On the other hand, the show’s great white whale—a good storyline for younger sister Julia (Erika Christensen) and husband Joel (Sam Jaeger)—remains out there in the ether, something the show just can’t quite land. Last season was filled with trying-to-get-pregnant drama, then unable-to-get-pregnant drama, and the season ended with the two deciding to adopt. Julia and Joel often seem trapped on an island of terrible (or at least deeply predictable) plotlines, and it’s sometimes as if the show loses all sense of how to write the characters as anything other than bumbling fools in some silent comedy. Tonight’s episode features Julia’s most obnoxious idea for how to get a baby in a while, and while the idea of two people trying to adopt and dealing with all of the legal loopholes involved would be a natural fit for this show, the storyline that begins here is, well, ridiculous.

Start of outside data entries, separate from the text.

lemma lorentz_norm_less_of_many_peaks:
  assumes "0 < p" and w: "is_lorentz_weight w" and x: "x \<in> lp_space p"
    and x_le: "\<And>k. \<bar>x k\<bar> \<le> 1" and "finite A" and x_A: "\<And>k. k \<in> A \<Longrightarrow> \<bar>x k\<bar> = 1"
    and "0 < \<epsilon>" and w_K: "w K < \<epsilon> powr p / 2" and K_A: "real K < \<epsilon> powr p / 2 * card A"
  shows "lorentz_norm w p x < \<epsilon> * lp_norm p x"
proof -
  define S where "S = (\<Sum>k. \<bar>x k\<bar> powr p)"
  define L where "L = (\<Sum>n. w n * decr_rearr x n powr p)"
  have "real (card A) = (\<Sum>k\<in>A. \<bar>x k\<bar> powr p)" using x_A by simp
  also have "\<dots> \<le> S"
    unfolding S_def using x \<open>finite A\<close> by (intro sum_le_suminf) (auto simp: lp_space_def)
  finally have A_S: "real (card A) \<le> S" .
  have "0 < \<epsilon> powr p / 2 * card A" using K_A of_nat_0_le_iff[of K] by linarith
  then have "0 < S" using A_S by (simp add: zero_less_mult_iff)
  have "L \<le> real K + w K * S"
    unfolding L_def S_def by (rule lorentz_sum_le_head_plus_tail[OF assms(1-4)])
  also have "\<dots> < \<epsilon> powr p * S"
  proof -
    have "w K * S < \<epsilon> powr p / 2 * S" using w_K \<open>0 < S\<close> by simp
    moreover have "\<epsilon> powr p / 2 * card A \<le> \<epsilon> powr p / 2 * S"
      using A_S by (intro mult_left_mono) auto
    ultimately show ?thesis using K_A by linarith
  qed
  finally have "L < \<epsilon> powr p * S" .
  moreover have "0 \<le> L"
    unfolding L_def using lp_space_subset_lorentz_space[OF assms(1) w] x
    by (intro suminf_nonneg) (auto simp: lorentz_space_def lorentz_weight_nonneg[OF w])
  ultimately have "L powr (1/p) < (\<epsilon> powr p * S) powr (1/p)"
    using assms(1) by (intro powr_less_mono2) auto
  also have "\<dots> = \<epsilon> * S powr (1/p)"
    using \<open>0 < S\<close> \<open>0 < \<epsilon>\<close> assms(1) by (simp add: powr_mult powr_powr)
  finally show ?thesis by (simp add: lorentz_norm_def lp_norm_def L_def S_def)
qed

theorem theorem4p3:
  fixes p :: real and w :: "nat \<Rightarrow> real"
  assumes "1 \<le> p" and "is_lorentz_weight w"
  shows "(\<forall>x\<in>lp_space p. x \<in> lorentz_space w p) \<and>
         fin_strictly_singular (lp_space p) (lp_norm p) (lorentz_norm w p) (\<lambda>x. x)"
proof
  have "0 < p" using assms(1) by simp
  show "\<forall>x\<in>lp_space p. x \<in> lorentz_space w p"
    using lp_space_subset_lorentz_space[OF \<open>0 < p\<close> assms(2)] by blast
  show "fin_strictly_singular (lp_space p) (lp_norm p) (lorentz_norm w p) (\<lambda>x. x)"
    unfolding fin_strictly_singular_def
  proof (intro allI impI)
    fix \<epsilon> :: real assume "\<epsilon> > 0"
    then have "0 < \<epsilon> powr p / 2" by simp
    moreover have "w \<longlonglongrightarrow> 0" using assms(2) by (simp add: is_lorentz_weight_def)
    ultimately obtain K where w_K: "w K < \<epsilon> powr p / 2"
      by (metis order_tendstoD(2) eventually_sequentially order_refl)
    obtain N :: nat where "real K < \<epsilon> powr p / 2 * N"
      using reals_Archimedean3[OF \<open>0 < \<epsilon> powr p / 2\<close>] by (auto simp: mult.commute)
    show "\<exists>N. \<forall>Z. seq_subspace Z \<and> Z \<subseteq> lp_space p \<and> dim_at_least Z N \<longrightarrow>
          (\<exists>z\<in>Z. lorentz_norm w p z < \<epsilon> * lp_norm p z)"
    proof (intro exI[of _ N] allI impI)
      fix Z assume Z: "seq_subspace Z \<and> Z \<subseteq> lp_space p \<and> dim_at_least Z N"
      then obtain z A where "z \<in> Z" "\<And>k. \<bar>z k\<bar> \<le> 1" "finite A" "card A = N" "\<And>k. k \<in> A \<Longrightarrow> \<bar>z k\<bar> = 1"
        using exists_vector_with_peaks[OF \<open>0 < p\<close>, of Z N N] by auto
      then show "\<exists>z\<in>Z. lorentz_norm w p z < \<epsilon> * lp_norm p z"
        using lorentz_norm_less_of_many_peaks[OF \<open>0 < p\<close> assms(2), of z A \<epsilon> K] Z w_K
          \<open>real K < _\<close> \<open>\<epsilon> > 0\<close> by blast
    qed
  qed
qed

end
(* Let $n\ge 2$ and let $P$ be an $n\times n$ permutation matrix which is the leaf matrix of exactly one CNM of size $n$. Then $P$ has no nonzero entry on the main diagonal, i.e. $P_{i,i}=0$ for all $i$.
   Context: A complete non-ambiguous matrix (CNM) of size $n$ is an $n\times n$ matrix $M=(m_{i,j})$ with entries in $\{0,1\}$ whose support $T=\{(i,j): m_{i,j}=1\}$ (whose elements are called vertices) satisfies: (1) $(1,1)\in T$; (2) for every $p=(i,j)\in T$ with $p\neq(1,1)$, exactly one of the following holds: there is $(i',j)\in T$ with $i'<i$, or there is $(i,j')\in T$ with $j'<j$; (3) every row and every column of $M$ contains at least one vertex; (4) define the parent of $p=(i,j)\neq(1,1)$ to be $(i',j)$ with $i'<i$ maximal if such a vertex exists, and otherwise $(i,j')$ with $j'<j$ maximal; then every vertex is the parent of either zero or exactly two vertices. A vertex with no children is a leaf. The leaf matrix $p(M)$ is obtained from $M$ by replacing all non-leaf vertices by $0$ (it is a permutation matrix). A permutation matrix $P$ is "the leaf matrix of exactly one CNM" if there is exactly one CNM $M$ with $p(M)=P$. *)

theory Defs
  imports Main
begin

text \<open>An n x n 0/1 matrix is represented by its support: a set of positions (i,j)
  with 1 \<le> i,j \<le> n (1-based indices).\<close>

type_synonym pos = "nat \<times> nat"

definition parent :: "pos set \<Rightarrow> pos \<Rightarrow> pos" where
  "parent T p = (case p of (i, j) \<Rightarrow>
     if (\<exists>i'<i. (i', j) \<in> T) then (Max {i'. i' < i \<and> (i', j) \<in> T}, j)
     else (i, Max {j'. j' < j \<and> (i, j') \<in> T}))"

definition children :: "pos set \<Rightarrow> pos \<Rightarrow> pos set" where
  "children T p = {q \<in> T. q \<noteq> (1, 1) \<and> parent T q = p}"

definition is_CNM :: "nat \<Rightarrow> pos set \<Rightarrow> bool" where
  "is_CNM n T \<longleftrightarrow>
     T \<subseteq> {1..n} \<times> {1..n} \<and>
     (1, 1) \<in> T \<and>
     (\<forall>(i, j) \<in> T. (i, j) \<noteq> (1, 1) \<longrightarrow>
        ((\<exists>i'<i. (i', j) \<in> T) \<noteq> (\<exists>j'<j. (i, j') \<in> T))) \<and>
     (\<forall>i \<in> {1..n}. \<exists>j. (i, j) \<in> T) \<and>
     (\<forall>j \<in> {1..n}. \<exists>i. (i, j) \<in> T) \<and>
     (\<forall>p \<in> T. card (children T p) = 0 \<or> card (children T p) = 2)"

definition leaf_matrix :: "pos set \<Rightarrow> pos set" where
  "leaf_matrix T = {p \<in> T. children T p = {}}"

definition is_perm_matrix :: "nat \<Rightarrow> pos set \<Rightarrow> bool" where
  "is_perm_matrix n P \<longleftrightarrow>
     P \<subseteq> {1..n} \<times> {1..n} \<and>
     (\<forall>i \<in> {1..n}. \<exists>!j. (i, j) \<in> P) \<and>
     (\<forall>j \<in> {1..n}. \<exists>!i. (i, j) \<in> P)"

end

theory Submission
  imports Defs
begin
(* Write g j = T zeta_j and phi' = T phi_y. Since T fixes |0hat> and applies S blockwise,
   <T h, T h'> - <h, h'> is a sum of blockwise distortions of S, each bounded via the
   near-isometry on V and polarisation. For zeta_j, zeta_k this puts the Gram matrix of the
   g j within 3 eps of the identity. The vectors zeta_j and phi_y are orthogonal because the
   vector set is f-deciding, so |<g j, phi'>| is at most the distortion (3/2) eps (c + 1) A.
   For a family that is delta-close to orthonormal with delta kappa <= 1/4, the projection p
   of phi' onto its span satisfies |p|^2 <= (4/3) kappa B^2 when every |<g j, phi'>| <= B:
   compare |p|^2 = <phi', p> with the lower Gram bound and Cauchy-Schwarz on the coefficients.
   Finally (I + R) phi' = 2 p. *)

theory Submission
  imports Defs
begin

definition block :: "real \<times> (real^('n::finite \<times> 'm::finite \<times> bool)) \<Rightarrow> 'n \<Rightarrow> bool \<Rightarrow> real^'m" where
  "block h i b = (\<chi> k. snd h $ (i, k, b))"

lemma block_add [simp]: "block (h + h') i b = block h i b + block h' i b"
  by (simp add: block_def vec_eq_iff)

lemma block_scaleR [simp]: "block (r *\<^sub>R h) i b = r *\<^sub>R block h i b"
  by (simp add: block_def vec_eq_iff)

lemma block_sum [simp]: "block (\<Sum>x\<in>I. h x) i b = (\<Sum>x\<in>I. block (h x) i b)"
  by (simp add: block_def vec_eq_iff sum_component snd_sum)

lemma block_diff [simp]: "block (h - h') i b = block h i b - block h' i b"
  by (simp add: block_def vec_eq_iff)

lemma block_Pair_scaleR [simp]: "block (a, r *\<^sub>R w) i b = r *\<^sub>R block (a, w) i b"
  by (simp add: block_def vec_eq_iff)

lemma block_hat0 [simp]: "block hat0 i b = 0"
  by (simp add: block_def hat0_def vec_eq_iff)

lemma block_sum_ket [simp]:
  "block (a, \<Sum>i'\<in>UNIV. ket i' (w i') (x i')) i b = (if x i = b then w i else 0)"
proof -
  have "(\<Sum>i'\<in>UNIV. ket i' (w i') (x i')) $ (i, k, b)
      = (\<Sum>i'\<in>UNIV. if i' = i then (if x i' = b then w i' $ k else 0) else 0)" for k
    unfolding ket_def sum_component by (rule sum.cong) auto
  then show ?thesis
    by (simp add: block_def vec_eq_iff)
qed

lemma inner_block_sum:
  "inner h h' = fst h * fst h' + (\<Sum>i\<in>UNIV. \<Sum>b\<in>UNIV. inner (block h i b) (block h' i b))"
proof -
  have "inner (snd h) (snd h') = (\<Sum>(i, k, b)\<in>UNIV \<times> UNIV \<times> UNIV. snd h $ (i, k, b) * snd h' $ (i, k, b))"
    by (simp add: inner_vec_def UNIV_Times_UNIV)
  also have "\<dots> = (\<Sum>i\<in>UNIV. \<Sum>k\<in>UNIV. \<Sum>b\<in>UNIV. snd h $ (i, k, b) * snd h' $ (i, k, b))"
    by (simp add: sum.cartesian_product)
  also have "\<dots> = (\<Sum>i\<in>UNIV. \<Sum>b\<in>UNIV. inner (block h i b) (block h' i b))"
    unfolding inner_vec_def block_def by (simp add: sum.swap[where B = "UNIV :: bool set"])
  finally show ?thesis
    by (simp add: inner_prod_def)
qed

lemma fst_Tmap [simp]: "fst (Tmap S h) = fst h"
  by (simp add: Tmap_def)

lemma block_Tmap [simp]: "block (Tmap S h) i b = S *v block h i b"
  by (simp add: Tmap_def block_def matrix_vector_mult_def vec_eq_iff)

lemma linear_Tmap: "linear (Tmap S)"
  by (rule linearI) (auto simp: Tmap_def vec_eq_iff algebra_simps sum.distrib sum_distrib_left)

lemma norm_sq_block_sum:
  "(norm h)\<^sup>2 = (fst h)\<^sup>2 + (\<Sum>i\<in>UNIV. \<Sum>b\<in>UNIV. (norm (block h i b))\<^sup>2)"
  using inner_block_sum[of h h] by (simp add: dot_square_norm power2_eq_square)

definition near_isometric_on :: "real \<Rightarrow> 'a::real_normed_vector set \<Rightarrow> ('a \<Rightarrow> 'b::real_normed_vector) \<Rightarrow> bool" where
  "near_isometric_on \<epsilon> U L \<longleftrightarrow> (\<forall>u\<in>U. \<forall>w\<in>U.
     (1 - \<epsilon>) * (norm (u - w))\<^sup>2 \<le> (norm (L u - L w))\<^sup>2 \<and> (norm (L u - L w))\<^sup>2 \<le> (1 + \<epsilon>) * (norm (u - w))\<^sup>2)"

text \<open>Polarisation: the three near-isometry conditions for u, w and u - w control the inner product.\<close>
lemma near_isometric_on_inner:
  fixes L :: "'a::real_inner \<Rightarrow> 'b::real_inner"
  assumes L: "near_isometric_on \<epsilon> U L" and "L 0 = 0" "0 \<in> U" "u \<in> U" "w \<in> U" "0 \<le> \<epsilon>"
  shows "\<bar>inner (L u) (L w) - inner u w\<bar> \<le> 3/2 * \<epsilon> * ((norm u)\<^sup>2 + (norm w)\<^sup>2)"
proof -
  have near: "(1 - \<epsilon>) * (norm (a - b))\<^sup>2 \<le> (norm (L a - L b))\<^sup>2 \<and> (norm (L a - L b))\<^sup>2 \<le> (1 + \<epsilon>) * (norm (a - b))\<^sup>2"
    if "a \<in> U" "b \<in> U" for a b
    using L that by (simp add: near_isometric_on_def)
  have polar: "(norm (a - b))\<^sup>2 = (norm a)\<^sup>2 + (norm b)\<^sup>2 - 2 * inner a b" for a b :: "'c::real_inner"
    by (simp add: power2_norm_eq_inner inner_diff_left inner_diff_right inner_commute)
  have "(norm (u - w))\<^sup>2 \<le> 2 * ((norm u)\<^sup>2 + (norm w)\<^sup>2)"
    using polar[of u w] Cauchy_Schwarz_ineq2[of u w] sum_squares_bound[of "norm u" "norm w"]
    by (simp add: abs_le_iff power2_eq_square)
  then have "\<epsilon> * (norm (u - w))\<^sup>2 \<le> \<epsilon> * (2 * ((norm u)\<^sup>2 + (norm w)\<^sup>2))"
    using \<open>0 \<le> \<epsilon>\<close> by (rule mult_left_mono)
  then show ?thesis
    using near[of u 0] near[of w 0] near[of u w] polar[of u w] polar[of "L u" "L w"] assms(2-5)
    by (simp add: abs_le_iff algebra_simps)
qed

lemma Tmap_inner_diff_le:
  assumes L: "near_isometric_on \<epsilon> U ((*v) S)" and "0 \<in> U" "0 \<le> \<epsilon>"
    and FU: "\<And>i b. F i b \<in> U" and GU: "\<And>i b. G i b \<in> U"
    and h: "\<And>i b. block h i b = r *\<^sub>R F i b" and h': "\<And>i b. block h' i b = r' *\<^sub>R G i b"
  shows "\<bar>inner (Tmap S h) (Tmap S h') - inner h h'\<bar>
    \<le> \<bar>r * r'\<bar> * (3/2 * \<epsilon> * (\<Sum>i\<in>UNIV. \<Sum>b\<in>UNIV. (norm (F i b))\<^sup>2 + (norm (G i b))\<^sup>2))"
proof -
  define D where "D i b = inner (S *v F i b) (S *v G i b) - inner (F i b) (G i b)" for i b
  have "inner (Tmap S h) (Tmap S h') - inner h h' = r * r' * (\<Sum>i\<in>UNIV. \<Sum>b\<in>UNIV. D i b)"
    by (simp add: inner_block_sum h h' D_def matrix_vector_mult_scaleR sum_distrib_left
        algebra_simps sum_subtractf)
  moreover have "\<bar>\<Sum>i\<in>UNIV. \<Sum>b\<in>UNIV. D i b\<bar>
      \<le> 3/2 * \<epsilon> * (\<Sum>i\<in>UNIV. \<Sum>b\<in>UNIV. (norm (F i b))\<^sup>2 + (norm (G i b))\<^sup>2)"
  proof -
    have "\<bar>\<Sum>i\<in>UNIV. \<Sum>b\<in>UNIV. D i b\<bar> \<le> (\<Sum>i\<in>UNIV. \<Sum>b\<in>UNIV. \<bar>D i b\<bar>)"
      by (rule order_trans[OF sum_abs]) (intro sum_mono sum_abs)
    also have "\<dots> \<le> (\<Sum>i\<in>UNIV. \<Sum>b\<in>UNIV. 3/2 * \<epsilon> * ((norm (F i b))\<^sup>2 + (norm (G i b))\<^sup>2))"
      unfolding D_def
      by (intro sum_mono near_isometric_on_inner[OF L] FU GU) (use assms(2,3) in auto)
    finally show ?thesis
      by (simp add: sum_distrib_left)
  qed
  ultimately show ?thesis
    by (simp only: abs_mult) (intro mult_left_mono; simp)
qed
lemma inj_on_triangle_lines:
  assumes h: "inj_on h six"
    and L: "\<And>T. T \<in> triangles \<Longrightarrow> hyperplane E I (L T) \<and> h ` T \<subseteq> L T"
    and not_all_eq: "\<not> (L {0, 1, 2} = L {2, 3, 4} \<and> L {2, 3, 4} = L {4, 5, 0})"
  shows "inj_on L triangles"
proof -
  have T: "{0, 1, 2} \<in> triangles" "{2, 3, 4} \<in> triangles" "{4, 5, 0} \<in> triangles"
    by (simp_all add: triangles_def)
  note hyp = L[OF T(1)] L[OF T(2)] L[OF T(3)]
  have dist: "h 0 \<noteq> h 2" "h 2 \<noteq> h 4" "h 0 \<noteq> h 4"
    using inj_onD[OF h, of 0 2] inj_onD[OF h, of 2 4] inj_onD[OF h, of 0 4] by (auto simp: six_def)
  have ab: "L {0, 1, 2} \<noteq> L {2, 3, 4}"
  proof
    assume eq: "L {0, 1, 2} = L {2, 3, 4}"
    have "L {4, 5, 0} = L {0, 1, 2}"
      using hyperplane_eqI[of "L {4, 5, 0}" "L {0, 1, 2}" "h 0" "h 4"] hyp eq dist by auto
    then show False using not_all_eq eq by simp
  qed
  have bc: "L {2, 3, 4} \<noteq> L {4, 5, 0}"
  proof
    assume eq: "L {2, 3, 4} = L {4, 5, 0}"
    have "L {0, 1, 2} = L {2, 3, 4}"
      using hyperplane_eqI[of "L {0, 1, 2}" "L {2, 3, 4}" "h 0" "h 2"] hyp eq dist by auto
    then show False using not_all_eq eq by simp
  qed
  have ac: "L {0, 1, 2} \<noteq> L {4, 5, 0}"
  proof
    assume eq: "L {0, 1, 2} = L {4, 5, 0}"
    have "L {2, 3, 4} = L {0, 1, 2}"
      using hyperplane_eqI[of "L {2, 3, 4}" "L {0, 1, 2}" "h 2" "h 4"] hyp eq dist by auto
    then show False using not_all_eq eq by simp
  qed
  show ?thesis using ab bc ac unfolding triangles_def inj_on_def by auto
qed

end

locale triangles_on_lines = rank3_paving +
  fixes h :: "nat \<Rightarrow> 'a" and L :: "nat set \<Rightarrow> 'a set"
  assumes inj_h: "inj_on h six" and h_six: "h ` six \<subseteq> E"
    and line: "\<And>T. T \<in> triangles \<Longrightarrow> hyperplane E I (L T)"
    and triangle_on_line: "\<And>T. T \<in> triangles \<Longrightarrow> h ` T \<subseteq> L T"
    and inj_L: "inj_on L triangles"
begin

lemma card_image_h: "Y \<subseteq> six \<Longrightarrow> card (h ` Y) = card Y"
  using card_image inj_on_subset[OF inj_h] by blast
theorem mainTheorem8:
  fixes R S :: "'a \<Rightarrow> 'a \<Rightarrow> 'k::comm_semiring_1"
  assumes "positive_semiring TYPE('k)"
    and "naturally_ordered TYPE('k)"
    and "is_kdb R S"
    and "adom R S \<noteq> {}"
  shows "mCA_qpath R S =
    (\<Sum>a \<in> adom R S. kmin {R a b * kmin {S b c | c. c \<in> adom R S \<and> S b c \<noteq> 0}
                             | b. b \<in> adom R S \<and> R a b \<noteq> 0})"
    (is "_ = (\<Sum>a \<in> ?D. ?T a)")
proof -
  have fin: "finite ?D" using finite_adom[OF assms(3)] .
  have inD: "R a b \<noteq> 0 \<Longrightarrow> b \<in> ?D" "S a b \<noteq> 0 \<Longrightarrow> b \<in> ?D" for a b
    unfolding adom_def by blast+
  have "\<exists>f g. is_choice R f \<and> is_choice S g \<and> (\<forall>a. R a (f a) * S (f a) (g (f a)) = ?T a)"
    by (rule optimal_choices_exist[OF assms(2) fin]) (erule inD(1), erule inD(2))
  then obtain f g where "is_choice R f" "is_choice S g" "\<And>a. R a (f a) * S (f a) (g (f a)) = ?T a"
    by blast
  then have "qpath_val (restrict_choice R f) (restrict_choice S g) = (\<Sum>a \<in> ?D. ?T a)"
    and "is_repair R S (restrict_choice R f) (restrict_choice S g)"
    by (simp_all add: qpath_val_restrict_choice[OF assms(3)] is_repair_iff_choice, blast)
  moreover have "nat_le (\<Sum>a \<in> ?D. ?T a) (qpath_val R' S')" if "is_repair R S R' S'" for R' S'
  proof -
    from that obtain f' g' where f': "is_choice R f'" and g': "is_choice S g'"
      and "R' = restrict_choice R f'" "S' = restrict_choice S g'"
      unfolding is_repair_iff_choice by blast
    moreover have "nat_le (?T a) (R a (f' a) * S (f' a) (g' (f' a)))" for a
      by (rule guarded_min_le_choice[OF assms(2) fin _ _ f' g']) (erule inD(1), erule inD(2))
    ultimately show ?thesis by (simp add: qpath_val_restrict_choice[OF assms(3)] nat_le_sum)
  qed
  ultimately show ?thesis
    unfolding mCA_qpath_def
    by (intro kmin_eqI[OF assms(2)]) (metis (mono_tags, lifting) mem_Collect_eq, blast)
qed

On the other hand, the show often seems to realize that Julia and Joel storylines are less compelling than storylines for the other characters. (The three other siblings get far more screentime.) And when Julia and Joel are wrapped into the rest of the ensemble—which includes Bonnie Bedelia and Craig T. Nelson as the two who spawned this unruly brood—they fit in just as well as everybody else. At its best, as it often is in tonight’s premiere, Parenthood really gets the sense of what it’s like to be a part of a massive family where everybody’s trying to shout over each other and where everybody cares about your problems, but not quite as much as they care about the shit they’re currently going through. There’s far more good than irritating in Parenthood, and if you’ve been on the fence about trying the show out, tonight would be a great place to dip your toe in the water.